One is a pretty boring Aus Style lager, nothing too exciting, and the second is a more Euro Style lager.
These brews will both be double batches and I have 2x twin packs from CB. So 48g dry all up.

I plan on fermenting the Aus Lager at about 15-16 degrees - will I get away with 1x 12g sachet per brew at these temps? I can pitch warmer and drop it down overnight during the lag phase.

With the Euro, I would like to ferment a little cooler, would I still be able to get away with a 12g per batch if I pitch warm during the lag phase OR should I look at pitching some saved slurry from the Aus lager along with the dry sachet to get the numbers up?

Looking to get 4x Kegs of lager out of these 4x sachets. I can't confirm whether both lagers will be brewed back to back due to space / timing issues.

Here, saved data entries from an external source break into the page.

text \<open>Diagonal p x p matrices are represented by their diagonal, a function on
  parameter indices (value 1 off the parameter index set).  D_{lambda,v}:\<close>
definition resc :: "('v \<times> 'v) set \<Rightarrow> real \<Rightarrow> 'v \<Rightarrow> 'v pidx \<Rightarrow> real" where
  "resc E lam v = (\<lambda>i. if i \<in> in_idx E v then lam
                        else if i \<in> out_idx E v then 1 / lam else 1)"

inductive_set rescaling_group :: "'v set \<Rightarrow> ('v \<times> 'v) set \<Rightarrow> ('v pidx \<Rightarrow> real) set"
  for V E where
  gen: "v \<in> hidden V E \<Longrightarrow> lam > 0 \<Longrightarrow> resc E lam v \<in> rescaling_group V E"
| one: "(\<lambda>_. 1) \<in> rescaling_group V E"
| mult: "d \<in> rescaling_group V E \<Longrightarrow> d' \<in> rescaling_group V E
          \<Longrightarrow> (\<lambda>i. d i * d' i) \<in> rescaling_group V E"
| inv: "d \<in> rescaling_group V E \<Longrightarrow> (\<lambda>i. inverse (d i)) \<in> rescaling_group V E"

definition paths :: "'v set \<Rightarrow> ('v \<times> 'v) set \<Rightarrow> 'v list set" where
  "paths V E = {vs. vs \<noteq> [] \<and> set vs \<subseteq> V
      \<and> (\<forall>i. Suc i < length vs \<longrightarrow> (vs ! i, vs ! Suc i) \<in> E)
      \<and> last vs \<in> Nout V E
      \<and> (length vs = 1 \<longrightarrow> hd vs \<notin> Nin V E)}"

Has anyone combined slurry and dry yeast in the same pitch? Can't recall reading that on here before.

Cheers,
D80


----------



## razz (30/6/13)

I would use one twin pack on each brew D80 but when you do the euro lager I would only use half the wort initially and pour the second half into the fermenter after 24 hours (drauflassen I think is the german term if you want to search for it) Can you verify how big each brew is? As even 24g in the first brew may not be enough and you could follow the same procedure for both.


----------



## Diesel80 (30/6/13)

Each brew will be between 21-23L.
OG will be mid 40s.

Cheers,
D80


----------



## razz (30/6/13)

That changes things abit, when you said both will be double batches I was thinking 80 odd litres total. In that case, and considering the low starting gravity, I would still use 24g for each brew. You won't need to do the split batch for the euro lager.


----------



## Diesel80 (30/6/13)

Sorry to clarify, 2x Double batches, total 4 x 20L cubes!


----------



## razz (30/6/13)

No probs, disregard my last.


----------



## adryargument (30/6/13)

Why not ferment one of them, then drop the next on the yeastcake?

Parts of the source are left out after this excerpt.